From the FT's Lex blog



Incoming McDonald's chief executive Don Thompson has a supersized problem: the burger chain has few obvious problems.

As he takes over from Jim Skinner, who announced his retirement on Thursday, he knows the shoes will be tough to fill. Since Mr. Skinner became the boss in 2004, McDonald's has returned almost 300 per cent, eight times the return of the S&P 500. Taking the helm after losing two CEOs in seven months, Mr. Skinner inherited a company recovering from falling earnings early last decade.

So with no crises or significant operational problems to fix, Mr. Thompson, a 22-year veteran of the company, has to find a creative way to maintain McDonald's stellar performance. One way is further international expansion. Despite owning one of world's most recognized and powerful brands, McDonald's still generates more than one-third of its revenues, and almost half its profits, from the United States. Mr. Skinner was reserved about diversification. In the five years before he took over, the company's overseas assets grew at a compound annual rate of almost 7 per cent. During his tenure, this rate almost halved. Accordingly, the CAGR of international revenues, which was previously about 8 per cent, dropped by about one-fifth. At home, however, growth in assets and revenues remained constant.

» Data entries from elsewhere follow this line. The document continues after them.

lemma normal_apply_two_free:
  assumes "i \<notin> fst ` set_mset m" "j \<notin> fst ` set_mset m"
  shows "normal_apply [(i, x), (j, y)] m =
    (if x < 0 \<and> y < 0 then mono (add_mset (i, nat (- x)) (add_mset (j, nat (- y)) m)) else (\<lambda>_. 0))"
  using hmon_annihilation_free[OF assms(1)] hmon_annihilation_free[OF assms(2)]
  by (cases "x < 0"; cases "y < 0") (auto simp: normal_apply_def apply_ops_def hmon_creation)

section \<open>Modes of the vertex operator of a pair state\<close>

lemma sum_lists_length_two:
  "(\<Sum>ms\<in>{ms. length ms = 2 \<and> set ms \<subseteq> A}. f ms) = (\<Sum>(x, y)\<in>A \<times> A. f [x, y])"
proof -
  have "bij_betw (\<lambda>(x, y). [x, y]) (A \<times> A) {ms. length ms = 2 \<and> set ms \<subseteq> A}"
    by (rule bij_betwI'; fastforce simp: numeral_2_eq_2 length_Suc_conv)
  from sum.reindex_bij_betw[OF this, of f] show ?thesis
    by (simp add: case_prod_unfold)
qed

text \<open>For \<open>m < 0\<close> this is \<open>binom(-m-1, n-1)\<close>, the coefficient of \<open>h(m)\<close> in the vertex operator
  of \<open>h(-n)1\<close>.\<close>

definition mode_coeff :: "int \<Rightarrow> nat \<Rightarrow> complex" where
  "mode_coeff m n = of_nat (nat (- m - 1) choose (n - 1))"

lemma mode_coeff_eq_0: "- int n < m \<Longrightarrow> m < 0 \<Longrightarrow> mode_coeff m n = 0"
  by (simp add: mode_coeff_def binomial_eq_0_iff nat_less_iff)

lemma mode_coeff_lowest: "1 \<le> n \<Longrightarrow> mode_coeff (- int n) n = 1"
  by (simp add: mode_coeff_def nat_diff_distrib')

lemma mode_coeff_next: "1 \<le> n \<Longrightarrow> mode_coeff (- int n - 1) n = of_nat n"
  using binomial_symmetric[of 1 n] by (simp add: mode_coeff_def)

lemma gchoose_of_negative:
  "m < 0 \<Longrightarrow> (of_int (- m - 1) :: complex) gchoose k = of_nat (nat (- m - 1) choose k)"
proof -
  assume "m < 0"
  then have "(of_int (- m - 1) :: complex) = of_nat (nat (- m - 1))"
    by simp
  then show ?thesis
    by (simp add: binomial_gbinomial)
qed

lemma ymon_sorted_pair_box_sum:
  assumes sorted: "sorted_list_of_multiset \<alpha> = [(i, n), (j, k)]"
    and free: "i \<notin> fst ` set_mset \<beta>" "j \<notin> fst ` set_mset \<beta>"
  obtains B where "\<bar>p\<bar> + int n + int k + 1 \<le> B"
    and "ymon \<alpha> p \<beta> = (\<lambda>w. \<Sum>(x, y)\<in>{-B..B} \<times> {-B..B}.
           if x + y + int n + int k = p + 1 \<and> x < 0 \<and> y < 0
           then mode_coeff x n * mode_coeff y k * mono (add_mset (i, nat (- x)) (add_mset (j, nat (- y)) \<beta>)) w
           else 0)"
proof
  define B where "B = \<bar>p\<bar> + int (n + k) + 2 * (int (Max (insert 0 (snd ` set_mset \<beta>))) + 1) + 1"
  show "\<bar>p\<bar> + int n + int k + 1 \<le> B"
    by (simp add: B_def)
  show "ymon \<alpha> p \<beta> = (\<lambda>w. \<Sum>(x, y)\<in>{-B..B} \<times> {-B..B}.
           if x + y + int n + int k = p + 1 \<and> x < 0 \<and> y < 0
           then mode_coeff x n * mode_coeff y k * mono (add_mset (i, nat (- x)) (add_mset (j, nat (- y)) \<beta>)) w
           else 0)" (is "_ = ?rhs")
  proof
    fix w
    have two: "length [(i, n), (j, k)] = 2" by simp
    have bound: "\<bar>p\<bar> + int (sum_list (map snd [(i, n), (j, k)]))
        + int (length [(i, n), (j, k)]) * (int (Max (insert 0 (snd ` set_mset \<beta>))) + 1) + 1 = B"
      by (simp add: B_def)
    show "ymon \<alpha> p \<beta> w = ?rhs w"
      unfolding ymon_def Let_def sorted bound unfolding two sum_lists_length_two
      by (rule sum.cong[OF refl])
        (auto simp: numeral_2_eq_2 normal_apply_two_free[OF free] gchoose_of_negative mode_coeff_def
          simp del: of_int_diff of_int_minus)
  qed
qed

McDonald's has already said that it is in expansion mode. This year it plans to spend $2.9-billion and open 1,300 new stores. By comparison, it has added only about 3,000 net new sites in the past decade.



Inheriting a well-run and successful company can be as much a curse as it is a blessing. Mr. Thompson is fortunate that there is a clear way for him to expand further. And as McDonald's last year turned 130 per cent of its net profit into operating cash flow, he is lucky that he can afford to do so.